There was once a time when I experienced the clarity of a moment of pure light. I had been on a spiritual journey for a few years; I’d learned about God and love, found freedom from some addictive behaviors and substances; I’d found the path to where my divinity lay, once dormant, now waking.
A soul renewed
A butterfly landed
On my open hand
There was a time I was writing a collection of poems — Seven Doors in Seven Clouds. Each door corresponded to a segment of the journey to (or of) enlightenment: Clarity, Hope, Faith, Surrender, Trust, Fire, and Awakening.

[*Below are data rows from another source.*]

(* Let $n,k\in\mathbb Z$, $\widetilde w(s,t)=w(1-s-t,t)^{-1}$ and $\breve w(s,t)=w(s,1-s-t)^{-1}$. Then: (1) if $0\le k\le n$, $\binom nk_w=\binom nk_w$; (2) if $n<0\le k$, $\binom nk_w=(-1)^k\binom{k-n-1}{k}_{\breve w}\prod_{j=1}^kW(j,-j)$; (3) if $k\le n<0$, $\binom nk_w=(-1)^{n-k}\binom{-k-1}{-n-1}_{\widetilde w}\prod_{j=1}^{n-k}W(n+1-j,j)^{-1}$; (4) if $0\le n<k$, $\binom nk_w=0$; (5) if $n<k<0$, $\binom nk_w=0$; (6) if $k<0\le n$, $\binom nk_w=0$.
   Context: $(w(s,t))_{s,t\in\mathbb Z}$ are commuting invertible variables. Product convention: $\prod_{j=l}^m A_j=A_l\cdots A_m$ if $m>l-1$, $=1$ if $m=l-1$, $=A_{l-1}^{-1}\cdots A_{m+1}^{-1}$ if $m<l-1$. For any weight family $v$, $W_v(s,t)=\prod_{j=1}^t v(s,j)$ (and $W=W_w$), and $\binom{n}{k}_v$ ($n,k\in\mathbb Z$) is the unique family with $\binom{n}{0}_v=\binom{n}{n}_v=1$ for all $n$ and $\binom{n+1}{k}_v=\binom{n}{k}_v+\binom{n}{k-1}_vW_v(k,n+1-k)$ whenever $(n+1,k)\ne(0,0)$. *)

theory Defs
  imports Main
begin

definition prodc :: "(int \<Rightarrow> 'a::field) \<Rightarrow> int \<Rightarrow> int \<Rightarrow> 'a" where
  "prodc f l m = (if m \<ge> l - 1 then (\<Prod>j\<in>{l..m}. f j)
                  else (\<Prod>j\<in>{m+1..l-1}. inverse (f j)))"

definition Wt :: "(int \<Rightarrow> int \<Rightarrow> 'a::field) \<Rightarrow> int \<Rightarrow> int \<Rightarrow> 'a" where
  "Wt v s t = prodc (\<lambda>j. v s j) 1 t"

definition is_wbinom :: "(int \<Rightarrow> int \<Rightarrow> 'a::field) \<Rightarrow> (int \<Rightarrow> int \<Rightarrow> 'a) \<Rightarrow> bool" where
  "is_wbinom v B \<longleftrightarrow>
     (\<forall>n. B n 0 = 1) \<and> (\<forall>n. B n n = 1) \<and>
     (\<forall>n k. (n + 1, k) \<noteq> (0, 0) \<longrightarrow>
        B (n + 1) k = B n k + B n (k - 1) * Wt v k (n + 1 - k))"

definition wbinom :: "(int \<Rightarrow> int \<Rightarrow> 'a::field) \<Rightarrow> int \<Rightarrow> int \<Rightarrow> 'a" where
  "wbinom v = (THE B. is_wbinom v B)"

definition wtilde :: "(int \<Rightarrow> int \<Rightarrow> 'a::field) \<Rightarrow> int \<Rightarrow> int \<Rightarrow> 'a" where
  "wtilde w s t = inverse (w (1 - s - t) t)"

definition wbreve :: "(int \<Rightarrow> int \<Rightarrow> 'a::field) \<Rightarrow> int \<Rightarrow> int \<Rightarrow> 'a" where
  "wbreve w s t = inverse (w s (1 - s - t))"

end

theory Submission
  imports Defs
begin

text \<open>Build the family explicitly: rows n \<ge> 0 by the weighted Pascal recurrence, rows n < 0 by
  the right-hand sides of (2) and (3) (and 0 elsewhere). The sign and the products of W are what
  convert the recurrence of the breve- resp. tilde-weighted coefficients, taken in the row
  k - n - 1 resp. the column -n - 1, into the recurrence for w. Since the weights are invertible,
  the recurrence together with column 0 and the diagonal determines every entry (negative columns
  by solving for the left neighbour, positive columns by moving along the column from the
  diagonal), so the explicit family is the weighted binomial.\<close>

lemma prodc_0 [simp]: "prodc f 1 0 = 1"
  by (simp add: prodc_def)

lemma prodc_succ:
  assumes "l - 1 \<le> m"
  shows "prodc f l (m + 1) = prodc f l m * f (m + 1)"
proof -
  have "{l..m + 1} = insert (m + 1) {l..m}" using assms by auto
  with assms show ?thesis by (simp add: prodc_def mult.commute)
qed

lemma Wt_0 [simp]: "Wt v s 0 = 1"
  by (simp add: Wt_def)

lemma Wt_succ: "0 \<le> t \<Longrightarrow> Wt v s (t + 1) = Wt v s t * v s (t + 1)"
  by (simp add: Wt_def prodc_succ)

lemma Wt_pred:
  assumes "t \<le> 0"
  shows "Wt v s (t - 1) = Wt v s t * inverse (v s t)"
proof -
  have "{t..0} = insert t {t + 1..0}" using assms by auto
  with assms show ?thesis by (simp add: Wt_def prodc_def mult.commute)
qed

lemma Wt_nonzero: "\<forall>s t. v s t \<noteq> 0 \<Longrightarrow> Wt v s t \<noteq> 0"
  by (simp add: Wt_def prodc_def)

lemma Wt_wbreve:
  assumes "0 \<le> k" and "0 \<le> t"
  shows "Wt (wbreve v) k t * Wt v k (- k) = Wt v k (- k - t)"
  using \<open>0 \<le> t\<close>
proof (induction t rule: int_ge_induct)
  case base
  show ?case by simp
next
  case (step t)
  have "Wt (wbreve v) k (t + 1) = Wt (wbreve v) k t * inverse (v k (- k - t))"
    using step.hyps by (simp add: Wt_succ wbreve_def)
  moreover have "Wt v k (- k - (t + 1)) = Wt v k (- k - t) * inverse (v k (- k - t))"
    using Wt_pred[of "- k - t" v k] assms step.hyps by (simp add: algebra_simps)
  ultimately show ?case using step.IH by (simp add: algebra_simps)
qed

lemma prodc_inverse_Wt_shift:
  assumes nz: "\<forall>s t. v s t \<noteq> 0" and "0 \<le> L"
  shows "prodc (\<lambda>j. inverse (Wt v (M + 1 - j) j)) 1 L
       = Wt (wtilde v) (- M) L * prodc (\<lambda>j. inverse (Wt v (M - j) j)) 1 L * Wt v (M - L) L"
  using \<open>0 \<le> L\<close>
proof (induction L rule: int_ge_induct)
  case base
  show ?case by simp
next
  case (step L)
  have f: "prodc (\<lambda>j. inverse (Wt v (M + 1 - j) j)) 1 (L + 1)
      = prodc (\<lambda>j. inverse (Wt v (M + 1 - j) j)) 1 L * inverse (Wt v (M - L) (L + 1))"
    using step.hyps by (simp add: prodc_succ)
  have g: "prodc (\<lambda>j. inverse (Wt v (M - j) j)) 1 (L + 1)
      = prodc (\<lambda>j. inverse (Wt v (M - j) j)) 1 L * inverse (Wt v (M - (L + 1)) (L + 1))"
    using step.hyps by (simp add: prodc_succ)
  have t: "Wt (wtilde v) (- M) (L + 1) = Wt (wtilde v) (- M) L * inverse (v (M - L) (L + 1))"
    using Wt_succ[OF step.hyps, of "wtilde v" "- M"] by (simp add: wtilde_def)
  have w: "Wt v (M - L) (L + 1) = Wt v (M - L) L * v (M - L) (L + 1)"
    using step.hyps by (simp add: Wt_succ)
  have "v (M - L) (L + 1) \<noteq> 0" "Wt v (M - L) L \<noteq> 0" "Wt v (M - (L + 1)) (L + 1) \<noteq> 0"
    using nz Wt_nonzero[OF nz] by auto
  then show ?case
    unfolding f g t w step.IH by (simp add: field_simps)
qed

fun wpascal :: "(int \<Rightarrow> int \<Rightarrow> 'a::field) \<Rightarrow> nat \<Rightarrow> int \<Rightarrow> 'a" where
  "wpascal v 0 k = (if k = 0 then 1 else 0)"
| "wpascal v (Suc n) k = wpascal v n k + wpascal v n (k - 1) * Wt v k (int n + 1 - k)"

lemma wpascal_eq_0: "k < 0 \<or> int n < k \<Longrightarrow> wpascal v n k = 0"
  by (induction n arbitrary: k) auto

lemma wpascal_n_0 [simp]: "wpascal v n 0 = 1"
  by (induction n) (auto simp: wpascal_eq_0)

lemma wpascal_n_n [simp]: "wpascal v n (int n) = 1"
  by (induction n) (auto simp: wpascal_eq_0)

definition refl_breve :: "(int \<Rightarrow> int \<Rightarrow> 'a::field) \<Rightarrow> int \<Rightarrow> int \<Rightarrow> 'a" where
  "refl_breve v n k =
     (-1) ^ nat k * wpascal (wbreve v) (nat (k - n - 1)) k * prodc (\<lambda>j. Wt v j (- j)) 1 k"

definition refl_tilde :: "(int \<Rightarrow> int \<Rightarrow> 'a::field) \<Rightarrow> int \<Rightarrow> int \<Rightarrow> 'a" where
  "refl_tilde v n k =
     (-1) ^ nat (n - k) * wpascal (wtilde v) (nat (- k - 1)) (- n - 1)
     * prodc (\<lambda>j. inverse (Wt v (n + 1 - j) j)) 1 (n - k)"

lemma minus_one_power_nat_succ: "0 \<le> m \<Longrightarrow> (-1::'a::ring_1) ^ nat (m + 1) = - ((-1) ^ nat m)"
  by (simp add: nat_add_distrib)

lemma refl_breve_rec:
  assumes "n < 0" and "0 < k"
  shows "refl_breve v (n + 1) k = refl_breve v n k + refl_breve v n (k - 1) * Wt v k (n + 1 - k)"
proof -
  define m where "m = nat (k - n - 2)"
  define P where "P = prodc (\<lambda>j. Wt v j (- j)) 1"
  have "nat (k - n - 1) = Suc m" and "int m + 1 - k = - (n + 1)"
    using assms by (auto simp: m_def)
  then have row: "wpascal (wbreve v) (nat (k - n - 1)) k
      = wpascal (wbreve v) m k + wpascal (wbreve v) m (k - 1) * Wt (wbreve v) k (- (n + 1))"
    by (simp only: wpascal.simps)
  have "P k = P (k - 1) * Wt v k (- k)"
    using prodc_succ[of 1 "k - 1"] assms by (simp add: P_def)
  moreover have "(-1::'a) ^ nat k = - ((-1) ^ nat (k - 1))"
    using minus_one_power_nat_succ[of "k - 1"] assms by simp
  moreover have "Wt (wbreve v) k (- (n + 1)) * Wt v k (- k) = Wt v k (n + 1 - k)"
    using Wt_wbreve[of k "- (n + 1)" v] assms by (simp add: algebra_simps)
  moreover have "nat (k - (n + 1) - 1) = m" "nat (k - 1 - n - 1) = m"
    by (simp_all add: m_def)
  ultimately show ?thesis
    unfolding refl_breve_def P_def[symmetric] row by (simp add: algebra_simps)
qed

lemma refl_tilde_rec:
  assumes nz: "\<forall>s t. v s t \<noteq> 0" and "n < 0" and "k \<le> n"
  shows "refl_tilde v (n + 1) k = refl_tilde v n k + refl_tilde v n (k - 1) * Wt v k (n + 1 - k)"
proof -
  define m where "m = nat (- k - 1)"
  define Q where "Q = prodc (\<lambda>j. inverse (Wt v (n + 1 - j) j)) 1"
  define A where "A = wpascal (wtilde v) m (- n - 1)"
  define B where "B = wpascal (wtilde v) m (- (n + 1) - 1)"
  define s where "s = (-1::'a) ^ nat (n - k)"
  have "nat (- (k - 1) - 1) = Suc m" and "int m + 1 - (- n - 1) = n - k + 1"
    and "- n - 1 - 1 = - (n + 1) - 1"
    using assms by (auto simp: m_def)
  then have row: "wpascal (wtilde v) (nat (- (k - 1) - 1)) (- n - 1)
      = A + B * Wt (wtilde v) (- n - 1) (n - k + 1)"
    by (simp only: wpascal.simps A_def B_def)
  have "(-1::'a) ^ nat (n + 1 - k) = - s" "(-1::'a) ^ nat (n - (k - 1)) = - s"
    using minus_one_power_nat_succ[of "n - k"] assms by (simp_all add: s_def algebra_simps)
  moreover have "Q (n - k + 1) = Q (n - k) * inverse (Wt v k (n - k + 1))"
    using prodc_succ[of 1 "n - k" "\<lambda>j. inverse (Wt v (n + 1 - j) j)"] assms by (simp add: Q_def)
  moreover have "prodc (\<lambda>j. inverse (Wt v (n + 1 + 1 - j) j)) 1 (n + 1 - k)
      = Wt (wtilde v) (- n - 1) (n - k + 1) * Q (n - k + 1) * Wt v k (n - k + 1)"
  proof -
    have "0 \<le> n - k + 1" "n + 1 - k = n - k + 1" "- (n + 1) = - n - 1" "n + 1 - (n - k + 1) = k"
      using assms by simp_all
    then show ?thesis
      using prodc_inverse_Wt_shift[OF nz, of "n - k + 1" "n + 1"] by (simp only: Q_def)
  qed
  moreover have "Wt v k (n - k + 1) \<noteq> 0"
    using Wt_nonzero[OF nz] .
  ultimately show ?thesis
    unfolding refl_tilde_def Q_def[symmetric] row m_def[symmetric] A_def[symmetric] B_def[symmetric]
      s_def[symmetric]
    by (simp add: field_simps)
qed

definition wbinom_explicit :: "(int \<Rightarrow> int \<Rightarrow> 'a::field) \<Rightarrow> int \<Rightarrow> int \<Rightarrow> 'a" where
  "wbinom_explicit v n k =
     (if 0 \<le> n then wpascal v (nat n) k
      else if 0 \<le> k then refl_breve v n k
      else if k \<le> n then refl_tilde v n k
      else 0)"

lemma wbinom_explicit_n_0: "wbinom_explicit v n 0 = 1"
  by (simp add: wbinom_explicit_def refl_breve_def)

lemma wbinom_explicit_n_n: "wbinom_explicit v n n = 1"
  using wpascal_n_n[of v "nat n"] wpascal_n_n[of "wtilde v" "nat (- n - 1)"]
  by (cases "0 \<le> n") (simp_all add: wbinom_explicit_def refl_tilde_def)

text \<open>Formulas (2) and (3) remain valid (as 0 = 0) on the nonnegative rows outside the triangle,
  which lets row 0 be treated together with the negative rows.\<close>

lemma wbinom_explicit_eq_refl_breve:
  "0 \<le> k \<Longrightarrow> n < k \<Longrightarrow> wbinom_explicit v n k = refl_breve v n k"
  by (simp add: wbinom_explicit_def refl_breve_def wpascal_eq_0)

lemma wbinom_explicit_eq_refl_tilde:
  "k < 0 \<Longrightarrow> k \<le> n \<Longrightarrow> wbinom_explicit v n k = refl_tilde v n k"
  by (simp add: wbinom_explicit_def refl_tilde_def wpascal_eq_0)

lemma wbinom_explicit_eq_0: "k < 0 \<Longrightarrow> n < k \<Longrightarrow> wbinom_explicit v n k = 0"
  by (simp add: wbinom_explicit_def)

lemma wbinom_explicit_rec:
  assumes nz: "\<forall>s t. v s t \<noteq> 0" and "(n + 1, k) \<noteq> (0, 0)"
  shows "wbinom_explicit v (n + 1) k
       = wbinom_explicit v n k + wbinom_explicit v n (k - 1) * Wt v k (n + 1 - k)"
proof (cases "0 \<le> n")
  case True
  then have "nat (n + 1) = Suc (nat n)" by simp
  with True show ?thesis by (simp add: wbinom_explicit_def)
next
  case False
  consider "0 < k" | "k = 0" | "n + 1 < k" "k < 0" | "k = n + 1" | "k \<le> n"
    by linarith
  then show ?thesis
  proof cases
    case 1
    with False show ?thesis
      using refl_breve_rec[of n k v] by (simp add: wbinom_explicit_eq_refl_breve)
  next
    case 2
    with False assms(2) show ?thesis
      by (simp add: wbinom_explicit_n_0 wbinom_explicit_eq_0)
  next
    case 3
    then show ?thesis by (simp add: wbinom_explicit_eq_0)
  next
    case 4
    with False assms(2) show ?thesis
      by (simp add: wbinom_explicit_n_n wbinom_explicit_eq_0)
  next
    case 5
    with False show ?thesis
      using refl_tilde_rec[OF nz, of n k] by (simp add: wbinom_explicit_eq_refl_tilde)
  qed
qed

lemma wbinom_rec_homogeneous_eq_0:
  assumes nz: "\<forall>s t. v s t \<noteq> 0"
    and col0: "\<And>n. D n 0 = 0" and diag: "\<And>n. D n n = 0"
    and rec: "\<And>n k. (n + 1, k) \<noteq> (0, 0) \<Longrightarrow> D (n + 1) k = D n k + D n (k - 1) * Wt v k (n + 1 - k)"
  shows "D n k = 0"
proof -
  have neg: "\<forall>n. D n k = 0" if "k \<le> 0" for k
    using that
  proof (induction k rule: int_le_induct)
    case base
    show ?case by (simp add: col0)
  next
    case (step k)
    show ?case
    proof
      fix n
      show "D n (k - 1) = 0"
      proof (cases "(n + 1, k) = (0, 0)")
        case True
        then have "n = -1" "k = 0" by simp_all
        with diag[of "-1"] show ?thesis by simp
      next
        case False
        then have "D n (k - 1) * Wt v k (n + 1 - k) = 0"
          using rec[OF False] step.IH by simp
        with Wt_nonzero[OF nz] show ?thesis by simp
      qed
    qed
  qed
  have pos: "\<forall>n. D n k = 0" if "0 \<le> k" for k
    using that
  proof (induction k rule: int_ge_induct)
    case base
    show ?case by (simp add: col0)
  next
    case (step k)
    have shift: "D (n + 1) (k + 1) = D n (k + 1)" for n
      using rec[of n "k + 1"] step by simp
    show ?case
    proof
      fix n
      show "D n (k + 1) = 0"
        by (induction n rule: int_induct[where k = "k + 1"])
          (use diag shift[of "i - 1" for i] in \<open>simp_all add: shift\<close>)
    qed
  qed
  show ?thesis
    using neg[of k] pos[of k] by force
qed

lemma is_wbinom_unique:
  assumes nz: "\<forall>s t. v s t \<noteq> 0" and "is_wbinom v B" and "is_wbinom v B'"
  shows "B = B'"
proof -
  have "B n k - B' n k = 0" for n k
    by (rule wbinom_rec_homogeneous_eq_0[OF nz, where D = "\<lambda>n k. B n k - B' n k"])
      (use assms(2,3) in \<open>auto simp: is_wbinom_def algebra_simps\<close>)
  then show ?thesis by auto
qed

lemma wbinom_eq_explicit:
  assumes nz: "\<forall>s t. v s t \<noteq> 0"
  shows "wbinom v = wbinom_explicit v"
proof -
  have "is_wbinom v (wbinom_explicit v)"
    unfolding is_wbinom_def
    using wbinom_explicit_n_0 wbinom_explicit_n_n wbinom_explicit_rec[OF nz] by blast
  then show ?thesis
    unfolding wbinom_def using is_wbinom_unique[OF nz] by blast
qed

theorem proposition1:
  fixes w :: "int \<Rightarrow> int \<Rightarrow> 'a::field" and n k :: int
  assumes "\<forall>s t. w s t \<noteq> 0"
  shows "(0 \<le> k \<and> k \<le> n \<longrightarrow> wbinom w n k = wbinom w n k)
    \<and> (n < 0 \<and> 0 \<le> k \<longrightarrow>
         wbinom w n k = (-1) ^ nat k * wbinom (wbreve w) (k - n - 1) k
                        * prodc (\<lambda>j. Wt w j (- j)) 1 k)
    \<and> (k \<le> n \<and> n < 0 \<longrightarrow>
         wbinom w n k = (-1) ^ nat (n - k) * wbinom (wtilde w) (- k - 1) (- n - 1)
                        * prodc (\<lambda>j. inverse (Wt w (n + 1 - j) j)) 1 (n - k))
    \<and> (0 \<le> n \<and> n < k \<longrightarrow> wbinom w n k = 0)
    \<and> (n < k \<and> k < 0 \<longrightarrow> wbinom w n k = 0)
    \<and> (k < 0 \<and> 0 \<le> n \<longrightarrow> wbinom w n k = 0)"
proof -
  have "\<forall>s t. wbreve w s t \<noteq> 0" and "\<forall>s t. wtilde w s t \<noteq> 0"
    using assms by (simp_all add: wbreve_def wtilde_def)
  note explicit =
    wbinom_eq_explicit[OF assms] wbinom_eq_explicit[OF this(1)] wbinom_eq_explicit[OF this(2)]
  show ?thesis
    unfolding explicit
    by (auto simp: wbinom_explicit_def refl_breve_def refl_tilde_def wpascal_eq_0)
qed

end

I was convinced that as I finished writing poem number seven, I’d achieve some great place and heightened awareness, see the gates of heaven, and blink instantly out of this existence, moving on to the next plane.
While I did have a few amazing and divine experiences, I didn’t leave this existence. I was disappointed and relieved; I was confused and at ease. I’d tasted heaven but I didn’t fully leave here and go there. I still carry around those perfect moments, but they’re not always clear; sometimes they don’t even seem real.

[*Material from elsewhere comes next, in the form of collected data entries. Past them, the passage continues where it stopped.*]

lemma exp_i_real_sub_add:
  fixes y :: real
  shows "exp (\<i> * complex_of_real y) - exp (\<i> * complex_of_real (- y)) = \<i> * complex_of_real (2 * sin y)"
    and "exp (\<i> * complex_of_real y) + exp (\<i> * complex_of_real (- y)) = complex_of_real (2 * cos y)"
  by (simp_all add: exp_Euler exp_minus_Euler cos_of_real sin_of_real)

lemma br_eq_chord:
  assumes "N > 0" shows "br N n = \<i> * complex_of_real (chord N (of_int n))"
  using exp_i_real_sub_add(1)[of "real_of_int n * pi / real N"]
  unfolding br_def vv_powi[OF assms] chord_def by simp

lemma vv_powi_add_powi_neg:
  assumes "N > 0"
  shows "vv N powi j + vv N powi (- j) = complex_of_real (2 * cos (real_of_int j * pi / real N))"
  using exp_i_real_sub_add(2)[of "real_of_int j * pi / real N"]
  unfolding vv_powi[OF assms] by simp

lemma SS_eq_chord_prod:
  assumes "N > 0" "a \<le> b + 1"
  shows "SS N a b = \<i> ^ nat (b - a + 1) * complex_of_real (chord_prod N a b)"
  using assms unfolding SS_def chord_prod_def br_eq_chord[OF assms(1)]
  by (simp add: prod.distrib)

text \<open>The real number \<open>c(j,l)\<close> with \<open>D\<^sub>1(j,l) = (m j/2 - i c(j,l)) S(j-l,j+l)\<close>.\<close>

definition cot_sum :: "nat \<Rightarrow> int \<Rightarrow> int \<Rightarrow> real" where
  "cot_sum N j l = cot (real_of_int j * pi / real N)
     + (\<Sum>k\<in>{1..l}. sin (real_of_int (2 * j) * pi / real N)
          / (sin (real_of_int (j - k) * pi / real N) * sin (real_of_int (j + k) * pi / real N)))"

lemma D1_prefactor_eq:
  assumes N: "N > 0"
  shows "of_int m * of_int j / 2 + (vv N powi j + vv N powi (- j)) / br N j
      + 2 * br N (2 * j) * (\<Sum>k\<in>{1..l}. 1 / AA N j k)
    = of_int m * of_int j / 2 - \<i> * complex_of_real (cot_sum N j l)"
proof -
  have div_i: "a / (\<i> * b) = - \<i> * (a / b)" for a b :: complex
    by (cases "b = 0") (auto simp: field_simps)
  have "(vv N powi j + vv N powi (- j)) / br N j
      = - \<i> * complex_of_real (cot (real_of_int j * pi / real N))"
    unfolding vv_powi_add_powi_neg[OF N] br_eq_chord[OF N] chord_def div_i cot_def by simp
  moreover have "2 * br N (2 * j) * (\<Sum>k\<in>{1..l}. 1 / AA N j k)
      = - \<i> * complex_of_real (\<Sum>k\<in>{1..l}. sin (real_of_int (2 * j) * pi / real N)
          / (sin (real_of_int (j - k) * pi / real N) * sin (real_of_int (j + k) * pi / real N)))"
  proof -
    have "2 * br N (2 * j) * (1 / AA N j k)
        = - \<i> * complex_of_real (sin (real_of_int (2 * j) * pi / real N)
          / (sin (real_of_int (j - k) * pi / real N) * sin (real_of_int (j + k) * pi / real N)))" for k
      unfolding AA_def br_eq_chord[OF N] chord_def by (simp add: field_simps)
    then show ?thesis by (simp add: sum_distrib_left)
  qed
  ultimately show ?thesis
    unfolding cot_sum_def by (simp add: algebra_simps)
qed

So back to the question, “how do I change my mindset to one of pure love?”; perhaps the answer is that it’s not the right question. Pure love is wholly and perfectly available in the place of divinity. And it’s a very short trip, or it can be. But divinity is but part of the story, part of who we are. Pure love, perhaps, is not available in this realm, in this reality, in the constraints of humanity in which we have chosen to be.
To love myself, I need to love myself from a place of divinity. I love the divine in me. And I divinely love the divine in you. But I also love the not-so-divine in me. If that’s even possible, to be less than divine. But that’s a topic for another day…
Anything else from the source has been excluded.